Q: Can I get a substantial underpayment penalty abated based on incorrect advice given to me by my accountant?
My 2020 return was audited, and the IRS sent me a 30-day letter proposing a substantial underpayment penalty based on disallowed business deductions that my accountant told me I was entitled to.
You will need to protest the 30-day letter's proposed adjustments. Generally, a taxpayer who can show "reasonable cause" has a good chance of securing penalty relief. Fully informed advice from a competent tax advisor is a solid ground for showing reasonable cause and obtaining such relief. Taxpayers are eligible for relief when they rely on actual advice from a tax professional (professional judgment or analysis of a tax advisor) as compared to the “tax preparation” or clerical tasks that are carried out in the preparation of the return itself.
If you in fact relied upon the erroneous advice from a tax professional, you must generally make the following showings: that the advisor was a competent tax professional who had sufficient expertise to justify reliance on such advice, you accurately provided all the necessary information to the advisor, the advisor must be a person other than yourself in which you reasonably relied in good faith on the advice rendered from such individual, and that such individual actually rendered the advice (the advice regarding the analysis and conclusion was in fact communicated to you).
This determination must consider all pertinent facts and circumstances. Some additional factors that will be relevant to this analysis include: whether the tax advisor was competent with respect to the specific tax matter at issue, whether the advisor was furnished with all relevant and necessary information to make a determination/conclusion, whether your reliance on the tax advice was reasonable (taking into account your education, sophistication with tax law, etc.) and whether the advice was based on reasonable factual or legal assumptions.
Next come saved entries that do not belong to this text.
lemma curve_length_ge_inscribed_polygon:
  fixes \<phi> :: "real \<Rightarrow> 'a::euclidean_space"
  assumes "a < b" "finite F" "F \<subseteq> {a..b}"
  obtains m t where "t 0 = a" "t m = b" "F \<subseteq> t ` {..m}"
    "ereal (\<Sum>k<m. norm (\<phi> (t (Suc k)) - \<phi> (t k))) \<le> curve_length \<phi> a b"
proof -
  define L where "L = sorted_list_of_set (insert a (insert b F))"
  define m where "m = length L - 1"
  define t where "t i = L ! i" for i
  have set_L: "set L = insert a (insert b F)" and sorted_L: "sorted_wrt (<) L"
    using assms(2) unfolding L_def
    by (simp_all only: set_sorted_list_of_set strict_sorted_list_of_set finite_insert)
  have "2 \<le> length L"
    unfolding L_def length_sorted_list_of_set
    using assms(1,2) card_mono[of "insert a (insert b F)" "{a, b}"] by auto
  then have range_t: "t ` {..m} = set L"
    by (auto simp: t_def m_def set_conv_nth less_Suc_eq_le[symmetric])
  have t_less: "t i < t j" if "i < j" "j \<le> m" for i j
    using sorted_wrt_nth_less[OF sorted_L that(1)] that \<open>2 \<le> length L\<close> by (simp add: t_def m_def)
  have t_between: "a \<le> t i \<and> t i \<le> b" if "i \<le> m" for i
  proof -
    have "t i \<in> insert a (insert b F)" using that range_t set_L by blast
    then show ?thesis using assms(1,3) by auto
  qed
  obtain i j where "i \<le> m" "t i = a" "j \<le> m" "t j = b"
    using range_t set_L by (metis atMost_iff imageE insertCI)
  moreover from this have "t 0 \<le> t i" "t j \<le> t m"
    using t_less[of 0 i] t_less[of j m] by (cases "i = 0"; cases "j = m"; simp)+
  ultimately have "t 0 = a" "t m = b"
    using t_between[of 0] t_between[of m] by auto
  moreover have "F \<subseteq> t ` {..m}" using range_t set_L by blast
  moreover have "ereal (\<Sum>k<m. norm (\<phi> (t (Suc k)) - \<phi> (t k))) \<le> curve_length \<phi> a b"
  proof -
    have "(\<Sum>k<m. norm (\<phi> (t (Suc k)) - \<phi> (t k))) = (\<Sum>i=1..m. dist (\<phi> (t (i - 1))) (\<phi> (t i)))"
      by (simp add: sum.atLeast1_atMost_eq dist_norm norm_minus_commute)
    then show ?thesis
      unfolding curve_length_def using \<open>t 0 = a\<close> \<open>t m = b\<close> \<open>2 \<le> length L\<close> t_less
      by (intro SUP_upper2[of "(m, t)"]) (auto simp: m_def)
  qed
  ultimately show ?thesis by (rule that)
qed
One last important consideration is whether the position a tax advisor is recommending is “too good to be true” in the sense that the tax benefits proposed far outweigh the cost. When a tax benefit is too good to be true, you should be asking additional questions.
Remember, accountant and CPA are not the same thing! The protest process does require some finesse (and some additional facts), but I would say the prognosis is positive.